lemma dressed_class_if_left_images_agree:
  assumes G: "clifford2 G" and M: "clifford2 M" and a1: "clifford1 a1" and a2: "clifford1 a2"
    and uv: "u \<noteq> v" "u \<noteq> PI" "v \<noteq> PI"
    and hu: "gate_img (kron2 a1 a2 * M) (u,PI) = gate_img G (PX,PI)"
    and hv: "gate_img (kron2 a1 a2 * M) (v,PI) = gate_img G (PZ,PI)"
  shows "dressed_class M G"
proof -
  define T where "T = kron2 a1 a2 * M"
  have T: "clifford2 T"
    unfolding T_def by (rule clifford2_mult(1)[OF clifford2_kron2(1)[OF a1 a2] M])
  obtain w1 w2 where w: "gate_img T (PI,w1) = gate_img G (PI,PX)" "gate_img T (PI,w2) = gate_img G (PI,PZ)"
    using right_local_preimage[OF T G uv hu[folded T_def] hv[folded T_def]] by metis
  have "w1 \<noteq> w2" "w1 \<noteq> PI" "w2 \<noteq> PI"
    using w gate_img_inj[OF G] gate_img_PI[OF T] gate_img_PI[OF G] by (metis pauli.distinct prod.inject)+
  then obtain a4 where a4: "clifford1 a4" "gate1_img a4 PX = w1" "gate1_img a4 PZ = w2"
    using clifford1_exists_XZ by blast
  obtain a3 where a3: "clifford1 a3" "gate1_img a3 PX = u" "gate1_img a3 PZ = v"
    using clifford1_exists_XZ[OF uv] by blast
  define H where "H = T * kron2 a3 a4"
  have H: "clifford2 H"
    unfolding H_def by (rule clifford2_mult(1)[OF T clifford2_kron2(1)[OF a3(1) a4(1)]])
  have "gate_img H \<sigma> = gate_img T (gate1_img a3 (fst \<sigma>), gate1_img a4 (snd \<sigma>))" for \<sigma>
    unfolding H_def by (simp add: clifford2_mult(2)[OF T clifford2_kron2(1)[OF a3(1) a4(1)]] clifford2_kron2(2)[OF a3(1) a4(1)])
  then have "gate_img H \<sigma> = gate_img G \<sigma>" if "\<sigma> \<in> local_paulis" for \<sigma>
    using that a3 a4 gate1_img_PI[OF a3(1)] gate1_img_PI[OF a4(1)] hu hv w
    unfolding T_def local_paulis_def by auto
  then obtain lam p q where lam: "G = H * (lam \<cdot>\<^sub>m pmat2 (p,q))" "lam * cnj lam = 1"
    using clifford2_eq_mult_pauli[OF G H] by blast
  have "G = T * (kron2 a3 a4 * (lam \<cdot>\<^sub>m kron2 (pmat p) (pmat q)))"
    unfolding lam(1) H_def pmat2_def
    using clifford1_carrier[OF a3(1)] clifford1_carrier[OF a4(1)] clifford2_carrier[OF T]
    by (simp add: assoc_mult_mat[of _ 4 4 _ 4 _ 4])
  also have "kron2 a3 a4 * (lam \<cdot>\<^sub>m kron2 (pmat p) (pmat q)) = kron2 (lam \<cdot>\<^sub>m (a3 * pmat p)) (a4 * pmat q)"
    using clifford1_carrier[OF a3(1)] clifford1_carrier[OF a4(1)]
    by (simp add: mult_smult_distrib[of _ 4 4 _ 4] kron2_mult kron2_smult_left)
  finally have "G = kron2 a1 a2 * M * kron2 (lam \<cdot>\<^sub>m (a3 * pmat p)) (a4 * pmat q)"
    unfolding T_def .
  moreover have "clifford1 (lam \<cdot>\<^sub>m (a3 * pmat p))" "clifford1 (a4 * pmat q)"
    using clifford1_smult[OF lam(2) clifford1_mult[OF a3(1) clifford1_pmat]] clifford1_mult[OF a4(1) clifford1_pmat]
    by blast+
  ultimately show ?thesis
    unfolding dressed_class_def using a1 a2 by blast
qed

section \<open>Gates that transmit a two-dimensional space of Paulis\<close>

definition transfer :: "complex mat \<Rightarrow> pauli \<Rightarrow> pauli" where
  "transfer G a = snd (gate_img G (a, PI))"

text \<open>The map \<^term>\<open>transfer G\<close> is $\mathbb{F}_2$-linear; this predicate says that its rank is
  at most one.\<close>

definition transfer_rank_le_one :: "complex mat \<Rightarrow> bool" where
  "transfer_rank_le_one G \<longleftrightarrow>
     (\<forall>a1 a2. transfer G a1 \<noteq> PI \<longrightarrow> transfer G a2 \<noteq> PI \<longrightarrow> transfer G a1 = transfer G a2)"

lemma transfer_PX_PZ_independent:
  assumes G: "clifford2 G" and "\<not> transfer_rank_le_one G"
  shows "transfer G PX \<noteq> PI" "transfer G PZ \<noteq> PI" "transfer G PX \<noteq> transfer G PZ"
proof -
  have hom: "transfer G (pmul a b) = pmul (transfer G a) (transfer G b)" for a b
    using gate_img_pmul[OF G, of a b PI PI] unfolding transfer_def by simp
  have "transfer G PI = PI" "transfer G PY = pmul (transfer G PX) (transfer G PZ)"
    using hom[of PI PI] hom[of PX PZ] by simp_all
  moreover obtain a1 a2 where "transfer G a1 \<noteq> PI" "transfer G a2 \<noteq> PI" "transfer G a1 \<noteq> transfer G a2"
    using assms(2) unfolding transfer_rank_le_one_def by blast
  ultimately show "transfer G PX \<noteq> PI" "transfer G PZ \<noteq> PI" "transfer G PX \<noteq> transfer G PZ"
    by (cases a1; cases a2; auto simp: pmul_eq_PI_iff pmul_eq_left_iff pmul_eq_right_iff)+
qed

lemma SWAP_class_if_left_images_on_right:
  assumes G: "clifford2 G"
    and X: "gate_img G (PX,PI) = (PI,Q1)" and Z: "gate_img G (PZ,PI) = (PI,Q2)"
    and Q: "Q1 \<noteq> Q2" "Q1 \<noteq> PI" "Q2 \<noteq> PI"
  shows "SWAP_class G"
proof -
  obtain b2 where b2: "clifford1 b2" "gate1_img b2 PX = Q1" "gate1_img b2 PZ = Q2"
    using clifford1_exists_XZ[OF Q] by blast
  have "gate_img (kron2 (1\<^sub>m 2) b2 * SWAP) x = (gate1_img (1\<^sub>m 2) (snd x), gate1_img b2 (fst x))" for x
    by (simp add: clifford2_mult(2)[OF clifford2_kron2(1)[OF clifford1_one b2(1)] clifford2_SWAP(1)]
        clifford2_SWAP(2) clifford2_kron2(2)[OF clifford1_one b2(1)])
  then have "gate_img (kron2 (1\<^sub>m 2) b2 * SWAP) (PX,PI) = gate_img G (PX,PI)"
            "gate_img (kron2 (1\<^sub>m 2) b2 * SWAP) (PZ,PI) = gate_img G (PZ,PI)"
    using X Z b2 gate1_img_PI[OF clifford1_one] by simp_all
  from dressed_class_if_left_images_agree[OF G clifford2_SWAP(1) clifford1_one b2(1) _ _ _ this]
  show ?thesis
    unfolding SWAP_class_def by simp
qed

____

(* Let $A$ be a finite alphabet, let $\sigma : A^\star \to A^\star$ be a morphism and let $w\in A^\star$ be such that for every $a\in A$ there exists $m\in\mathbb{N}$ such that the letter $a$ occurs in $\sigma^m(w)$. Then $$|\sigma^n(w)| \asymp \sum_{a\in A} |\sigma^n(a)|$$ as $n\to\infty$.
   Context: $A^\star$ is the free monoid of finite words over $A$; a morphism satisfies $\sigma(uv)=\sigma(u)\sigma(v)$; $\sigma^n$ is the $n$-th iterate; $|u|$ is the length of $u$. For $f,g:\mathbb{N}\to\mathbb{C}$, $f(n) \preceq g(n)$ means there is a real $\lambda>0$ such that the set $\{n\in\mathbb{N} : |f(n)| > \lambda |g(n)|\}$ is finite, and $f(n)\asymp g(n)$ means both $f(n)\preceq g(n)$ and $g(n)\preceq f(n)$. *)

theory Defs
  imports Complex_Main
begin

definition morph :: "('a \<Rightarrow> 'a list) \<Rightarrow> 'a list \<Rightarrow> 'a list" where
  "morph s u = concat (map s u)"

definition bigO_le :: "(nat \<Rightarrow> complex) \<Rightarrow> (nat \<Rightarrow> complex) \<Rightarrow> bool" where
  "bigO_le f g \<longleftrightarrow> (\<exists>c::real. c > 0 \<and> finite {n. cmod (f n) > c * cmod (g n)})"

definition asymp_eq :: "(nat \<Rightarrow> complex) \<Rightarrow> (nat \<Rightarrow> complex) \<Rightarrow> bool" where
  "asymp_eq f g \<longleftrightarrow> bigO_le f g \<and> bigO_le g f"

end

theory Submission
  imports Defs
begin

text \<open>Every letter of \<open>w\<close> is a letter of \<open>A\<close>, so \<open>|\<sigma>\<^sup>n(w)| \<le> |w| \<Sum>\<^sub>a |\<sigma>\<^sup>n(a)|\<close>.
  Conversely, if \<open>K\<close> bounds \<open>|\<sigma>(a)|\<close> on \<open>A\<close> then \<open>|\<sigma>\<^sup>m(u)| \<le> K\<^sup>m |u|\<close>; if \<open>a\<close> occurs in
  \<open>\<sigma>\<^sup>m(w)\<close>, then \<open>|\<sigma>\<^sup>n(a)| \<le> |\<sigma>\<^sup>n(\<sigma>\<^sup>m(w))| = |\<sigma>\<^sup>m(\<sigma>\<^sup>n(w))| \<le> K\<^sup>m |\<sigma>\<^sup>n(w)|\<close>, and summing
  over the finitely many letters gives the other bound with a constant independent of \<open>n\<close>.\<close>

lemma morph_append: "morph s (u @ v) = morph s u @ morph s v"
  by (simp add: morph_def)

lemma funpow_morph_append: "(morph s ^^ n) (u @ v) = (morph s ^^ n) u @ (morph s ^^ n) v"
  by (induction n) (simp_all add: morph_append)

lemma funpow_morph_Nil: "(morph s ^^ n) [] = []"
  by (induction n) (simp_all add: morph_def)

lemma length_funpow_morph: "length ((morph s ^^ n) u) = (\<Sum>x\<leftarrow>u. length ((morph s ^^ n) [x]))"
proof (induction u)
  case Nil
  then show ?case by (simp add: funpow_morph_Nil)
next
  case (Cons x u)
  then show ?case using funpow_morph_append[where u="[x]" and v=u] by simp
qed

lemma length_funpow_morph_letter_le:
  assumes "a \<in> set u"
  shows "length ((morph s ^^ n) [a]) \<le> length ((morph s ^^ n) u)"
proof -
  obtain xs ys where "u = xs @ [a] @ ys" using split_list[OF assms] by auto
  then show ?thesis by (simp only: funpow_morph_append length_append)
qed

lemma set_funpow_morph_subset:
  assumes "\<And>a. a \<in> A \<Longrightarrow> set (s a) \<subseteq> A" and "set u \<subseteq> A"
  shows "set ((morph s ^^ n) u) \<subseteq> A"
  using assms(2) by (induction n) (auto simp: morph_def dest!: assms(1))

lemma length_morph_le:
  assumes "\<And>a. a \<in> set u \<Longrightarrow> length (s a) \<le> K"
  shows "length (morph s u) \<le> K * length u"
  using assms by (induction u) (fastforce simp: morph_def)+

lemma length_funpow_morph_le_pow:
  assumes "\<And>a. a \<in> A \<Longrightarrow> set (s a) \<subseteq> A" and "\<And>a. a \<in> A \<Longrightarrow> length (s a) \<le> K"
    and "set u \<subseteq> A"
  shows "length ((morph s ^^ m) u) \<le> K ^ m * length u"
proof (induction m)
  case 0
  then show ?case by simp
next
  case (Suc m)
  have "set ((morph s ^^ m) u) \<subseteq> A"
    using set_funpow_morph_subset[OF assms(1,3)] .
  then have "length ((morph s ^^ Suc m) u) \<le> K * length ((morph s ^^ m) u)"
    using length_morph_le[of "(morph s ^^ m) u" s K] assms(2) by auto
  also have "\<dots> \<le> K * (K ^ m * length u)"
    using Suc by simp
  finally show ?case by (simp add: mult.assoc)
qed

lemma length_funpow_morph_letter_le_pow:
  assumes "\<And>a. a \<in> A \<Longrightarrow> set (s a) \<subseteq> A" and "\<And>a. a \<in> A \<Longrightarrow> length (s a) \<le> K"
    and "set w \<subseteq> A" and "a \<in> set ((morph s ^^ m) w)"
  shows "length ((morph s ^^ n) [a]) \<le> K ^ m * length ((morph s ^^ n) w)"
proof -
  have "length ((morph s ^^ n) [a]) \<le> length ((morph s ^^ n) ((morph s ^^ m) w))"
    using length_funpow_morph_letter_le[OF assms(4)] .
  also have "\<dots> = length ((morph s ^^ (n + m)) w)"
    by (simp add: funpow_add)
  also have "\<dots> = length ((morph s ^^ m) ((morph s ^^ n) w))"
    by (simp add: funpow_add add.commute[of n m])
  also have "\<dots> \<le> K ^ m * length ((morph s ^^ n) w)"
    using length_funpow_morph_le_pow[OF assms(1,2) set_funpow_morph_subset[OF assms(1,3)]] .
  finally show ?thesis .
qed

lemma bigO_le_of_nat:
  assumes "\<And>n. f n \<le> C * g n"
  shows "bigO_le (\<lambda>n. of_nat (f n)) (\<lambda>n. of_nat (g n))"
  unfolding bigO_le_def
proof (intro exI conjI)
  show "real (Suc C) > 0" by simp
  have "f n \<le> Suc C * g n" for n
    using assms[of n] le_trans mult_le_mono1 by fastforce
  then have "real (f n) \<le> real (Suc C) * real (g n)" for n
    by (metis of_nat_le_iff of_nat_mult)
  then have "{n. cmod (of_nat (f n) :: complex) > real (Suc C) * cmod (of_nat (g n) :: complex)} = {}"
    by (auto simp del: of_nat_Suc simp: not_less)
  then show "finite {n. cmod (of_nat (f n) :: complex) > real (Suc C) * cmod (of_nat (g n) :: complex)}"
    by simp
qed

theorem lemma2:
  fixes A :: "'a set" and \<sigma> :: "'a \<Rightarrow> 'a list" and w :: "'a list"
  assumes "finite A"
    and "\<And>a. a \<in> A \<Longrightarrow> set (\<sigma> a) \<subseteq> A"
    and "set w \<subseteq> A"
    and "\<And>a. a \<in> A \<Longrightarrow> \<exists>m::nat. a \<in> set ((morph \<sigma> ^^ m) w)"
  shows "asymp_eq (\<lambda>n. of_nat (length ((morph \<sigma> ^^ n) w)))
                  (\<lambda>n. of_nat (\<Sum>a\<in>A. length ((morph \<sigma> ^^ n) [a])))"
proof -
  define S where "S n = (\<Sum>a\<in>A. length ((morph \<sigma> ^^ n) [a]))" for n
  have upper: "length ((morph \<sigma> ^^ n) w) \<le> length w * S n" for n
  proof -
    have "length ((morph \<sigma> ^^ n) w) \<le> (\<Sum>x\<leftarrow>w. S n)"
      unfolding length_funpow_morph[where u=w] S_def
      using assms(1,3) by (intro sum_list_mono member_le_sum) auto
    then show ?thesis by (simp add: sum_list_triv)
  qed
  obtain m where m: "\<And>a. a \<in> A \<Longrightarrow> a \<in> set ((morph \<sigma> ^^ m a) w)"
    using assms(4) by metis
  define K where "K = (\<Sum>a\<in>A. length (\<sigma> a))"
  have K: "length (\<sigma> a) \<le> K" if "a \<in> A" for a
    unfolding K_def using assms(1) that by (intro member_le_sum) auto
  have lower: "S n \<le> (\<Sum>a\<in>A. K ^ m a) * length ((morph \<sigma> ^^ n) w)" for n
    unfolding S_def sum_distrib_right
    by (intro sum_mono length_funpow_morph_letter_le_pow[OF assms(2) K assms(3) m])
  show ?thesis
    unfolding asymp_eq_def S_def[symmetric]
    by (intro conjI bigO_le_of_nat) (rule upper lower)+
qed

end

____

### Required action
In the listing above, which lines include the string "induction"? Return every one of them.

### Task output
  by (induction n) (simp_all add: morph_append)
  by (induction n) (simp_all add: morph_def)
proof (induction u)
  using assms(2) by (induction n) (auto simp: morph_def dest!: assms(1))
  using assms by (induction u) (fastforce simp: morph_def)+
proof (induction m)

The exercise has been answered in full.